## Exercise prompt
Check every line of the entries below for the word "unfolding", and copy the ones that have it.

[Start of Attachment]

lemma Union_cycle_pairs_rotate:
  assumes "3 \<le> m"
  shows "\<Union>(cycle_pairs m) \<union> (\<lambda>j. (j + 2) mod m) ` \<Union>(cycle_pairs m) = {0..<m}"
proof -
  have rot: "j \<in> (\<lambda>j. (j + 2) mod m) ` \<Union>(cycle_pairs m)" if j: "j < m" "j \<notin> \<Union>(cycle_pairs m)" for j
  proof -
    have "2 \<le> j" "(j - 2) mod 4 < 2"
      by (cases j rule: nat_mod4_cases; use j mem_Union_cycle_pairs[of j m] in simp)+
    hence "j - 2 \<in> \<Union>(cycle_pairs m)" "j = (j - 2 + 2) mod m"
      using j(1) mem_Union_cycle_pairs[of "j - 2" m] by simp_all
    thus ?thesis by blast
  qed
  have "(j + 2) mod m < m" for j using assms by simp
  hence "(\<lambda>j. (j + 2) mod m) ` \<Union>(cycle_pairs m) \<subseteq> {0..<m}" by auto
  moreover have "{0..<m} \<subseteq> \<Union>(cycle_pairs m) \<union> (\<lambda>j. (j + 2) mod m) ` \<Union>(cycle_pairs m)"
    using rot by fastforce
  ultimately show ?thesis using Union_cycle_pairs_subset[OF assms] by (intro equalityI Un_least)
qed

lemma cycle_two_pair_covers:
  assumes "3 \<le> m"
  obtains P Q where "paired_dominating {0..<m} (cycle_adj m) P" "paired_dominating {0..<m} (cycle_adj m) Q"
    "P \<union> Q = {0..<m}" "card P \<le> 2 * ((m + 3) div 4)" "card Q \<le> 2 * ((m + 3) div 4)"
proof
  let ?P = "\<Union>(cycle_pairs m)"
  show P: "paired_dominating {0..<m} (cycle_adj m) ?P" using assms by (rule paired_dominating_cycle_pairs)
  thus "paired_dominating {0..<m} (cycle_adj m) ((\<lambda>j. (j + 2) mod m) ` ?P)"
    by (rule paired_dominating_cycle_rotate)
  show "?P \<union> (\<lambda>j. (j + 2) mod m) ` ?P = {0..<m}" using assms by (rule Union_cycle_pairs_rotate)
  show card_P: "card ?P \<le> 2 * ((m + 3) div 4)" by (rule card_Union_cycle_pairs)
  have "finite ?P" using Union_cycle_pairs_subset[OF assms] finite_subset by blast
  hence "card ((\<lambda>j. (j + 2) mod m) ` ?P) \<le> card ?P" by (rule card_image_le)
  thus "card ((\<lambda>j. (j + 2) mod m) ` ?P) \<le> 2 * ((m + 3) div 4)" using card_P by linarith
qed

definition cycle_residue0 :: "nat \<Rightarrow> nat set" where
  "cycle_residue0 n = {i. i < n \<and> i mod 4 = 0}"

text \<open>The vertex n - 1 is added when n = 2 (mod 4), since both its neighbours n - 2 and 0
  lie in cycle_residue0.\<close>
definition cycle_residue2 :: "nat \<Rightarrow> nat set" where
  "cycle_residue2 n = {i. i < n \<and> (i mod 4 = 2 \<or> (i = n - 1 \<and> i mod 4 = 1))}"

lemma card_cycle_residue0: "card (cycle_residue0 n) \<le> (n + 3) div 4"
proof -
  have "cycle_residue0 n \<subseteq> (\<lambda>p. 4 * p) ` {..<(n + 3) div 4}"
  proof
    fix i assume "i \<in> cycle_residue0 n"
    hence "i < n" "i mod 4 = 0" unfolding cycle_residue0_def by simp_all
    moreover have "i = 4 * (i div 4) + i mod 4" by simp
    ultimately have "i = 4 * (i div 4)" "i div 4 < (n + 3) div 4" by linarith+
    thus "i \<in> (\<lambda>p. 4 * p) ` {..<(n + 3) div 4}" by blast
  qed
  thus ?thesis using surj_card_le[OF finite_lessThan] by simp
qed

lemma card_cycle_residue2: "card (cycle_residue2 n) \<le> (n + 3) div 4"
proof -
  have "cycle_residue2 n \<subseteq> (\<lambda>p. min (4 * p + 2) (n - 1)) ` {..<(n + 3) div 4}"
  proof
    fix i assume "i \<in> cycle_residue2 n"
    hence "i < n" "i mod 4 = 2 \<or> (i = n - 1 \<and> i mod 4 = 1)" unfolding cycle_residue2_def by simp_all
    moreover have "i = 4 * (i div 4) + i mod 4" by simp
    ultimately have "i = min (4 * (i div 4) + 2) (n - 1)" "i div 4 < (n + 3) div 4"
      by (simp only: min_def split: if_split; arith)+
    thus "i \<in> (\<lambda>p. min (4 * p + 2) (n - 1)) ` {..<(n + 3) div 4}" by blast
  qed
  thus ?thesis using surj_card_le[OF finite_lessThan] by simp
qed

lemma cycle_adj_residues:
  assumes "3 \<le> n" and i: "i \<in> {0..<n} - (cycle_residue0 n \<union> cycle_residue2 n)"
  shows "(\<exists>r\<in>cycle_residue0 n. cycle_adj n i r) \<and> (\<exists>r\<in>cycle_residue2 n. cycle_adj n i r)"
proof (cases i rule: nat_mod4_cases)
  case (1 k)
  hence "i + 1 < n" using i unfolding cycle_residue2_def by auto
  moreover have "i - 1 \<in> cycle_residue0 n" "i + 1 \<in> cycle_residue2 n"
    using 1 \<open>i + 1 < n\<close> unfolding cycle_residue0_def cycle_residue2_def by (simp_all add: mod_Suc)
  moreover have "cycle_adj n i (i - 1)" using 1 i by (intro cycle_adj_pred) auto
  ultimately show ?thesis using cycle_adj_Suc by blast
next
  case (3 k)
  hence "i - 1 \<in> cycle_residue2 n" using i unfolding cycle_residue2_def by (simp add: mod_Suc)
  moreover have "cycle_adj n i (i - 1)" using 3 i by (intro cycle_adj_pred) auto
  moreover have "\<exists>r\<in>cycle_residue0 n. cycle_adj n i r"
  proof (cases "i + 1 < n")
    case True
    hence "i + 1 \<in> cycle_residue0 n" using 3 unfolding cycle_residue0_def by (simp add: mod_Suc)
    moreover have "cycle_adj n i (i + 1)" using True by (rule cycle_adj_Suc)
    ultimately show ?thesis by blast
  next
    case False
    hence "i = n - 1" using i by auto
    hence "cycle_adj n i 0" using assms(1) cycle_adj_last_first[of n] by simp
    moreover have "0 \<in> cycle_residue0 n" using assms(1) unfolding cycle_residue0_def by simp
    ultimately show ?thesis by blast
  qed
  ultimately show ?thesis by blast
qed (use i in \<open>auto simp: cycle_residue0_def cycle_residue2_def mod_Suc\<close>)

lemma nat_ceiling_divide_4: "nat \<lceil>real n / 4\<rceil> = (n + 3) div 4"
proof -
  have "4 * ((n + 3) div 4) \<ge> n" "4 * ((n + 3) div 4) < n + 4" by linarith+
  hence "\<lceil>real n / 4\<rceil> = int ((n + 3) div 4)"
    by (intro ceiling_unique) (simp_all add: field_simps)
  thus ?thesis by simp
qed

theorem theorem5p1:
  fixes n m :: nat
  assumes "n \<ge> 3" and "m \<ge> 3"
  shows "paired_domination_number (torus_vertices n m) (torus_adj n m)
           \<le> 4 * nat (ceiling (real n / 4)) * nat (ceiling (real m / 4))"
proof -
  let ?R1 = "cycle_residue0 n" and ?R2 = "cycle_residue2 n"
  have R: "?R1 \<subseteq> {0..<n}" "?R2 \<subseteq> {0..<n}" "?R1 \<inter> ?R2 = {}"
    unfolding cycle_residue0_def cycle_residue2_def by auto
  obtain P Q where PQ: "paired_dominating {0..<m} (cycle_adj m) P" "paired_dominating {0..<m} (cycle_adj m) Q"
    "P \<union> Q = {0..<m}" and card_PQ: "card P \<le> 2 * ((m + 3) div 4)" "card Q \<le> 2 * ((m + 3) div 4)"
    using cycle_two_pair_covers[OF assms(2)] by blast
  have "paired_dominating (torus_vertices n m) (torus_adj n m) (?R1 \<times> P \<union> ?R2 \<times> Q)"
    unfolding torus_vertices_def torus_adj_def using PQ R cycle_adj_residues[OF assms(1)]
    by (rule paired_dominating_cart_prod)
  hence "paired_domination_number (torus_vertices n m) (torus_adj n m) \<le> card (?R1 \<times> P \<union> ?R2 \<times> Q)"
    by (rule paired_domination_number_le)
  also have "\<dots> \<le> card ?R1 * card P + card ?R2 * card Q"
    using card_Un_le[of "?R1 \<times> P" "?R2 \<times> Q"] by (simp add: card_cartesian_product)
  also have "\<dots> \<le> (n + 3) div 4 * (2 * ((m + 3) div 4)) + (n + 3) div 4 * (2 * ((m + 3) div 4))"
    using card_cycle_residue0 card_cycle_residue2 card_PQ by (intro add_mono mult_le_mono)
  also have "\<dots> = 4 * ((n + 3) div 4) * ((m + 3) div 4)" by simp
  finally show ?thesis unfolding nat_ceiling_divide_4 .
qed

[End of Attachment]

## Exercise answer
    hence "i < n" "i mod 4 = 0" unfolding cycle_residue0_def by simp_all
    hence "i < n" "i mod 4 = 2 \<or> (i = n - 1 \<and> i mod 4 = 1)" unfolding cycle_residue2_def by simp_all
  hence "i + 1 < n" using i unfolding cycle_residue2_def by auto
    using 1 \<open>i + 1 < n\<close> unfolding cycle_residue0_def cycle_residue2_def by (simp_all add: mod_Suc)
  hence "i - 1 \<in> cycle_residue2 n" using i unfolding cycle_residue2_def by (simp add: mod_Suc)
    hence "i + 1 \<in> cycle_residue0 n" using 3 unfolding cycle_residue0_def by (simp add: mod_Suc)
    moreover have "0 \<in> cycle_residue0 n" using assms(1) unfolding cycle_residue0_def by simp
    unfolding cycle_residue0_def cycle_residue2_def by auto
    unfolding torus_vertices_def torus_adj_def using PQ R cycle_adj_residues[OF assms(1)]
  finally show ?thesis unfolding nat_ceiling_divide_4 .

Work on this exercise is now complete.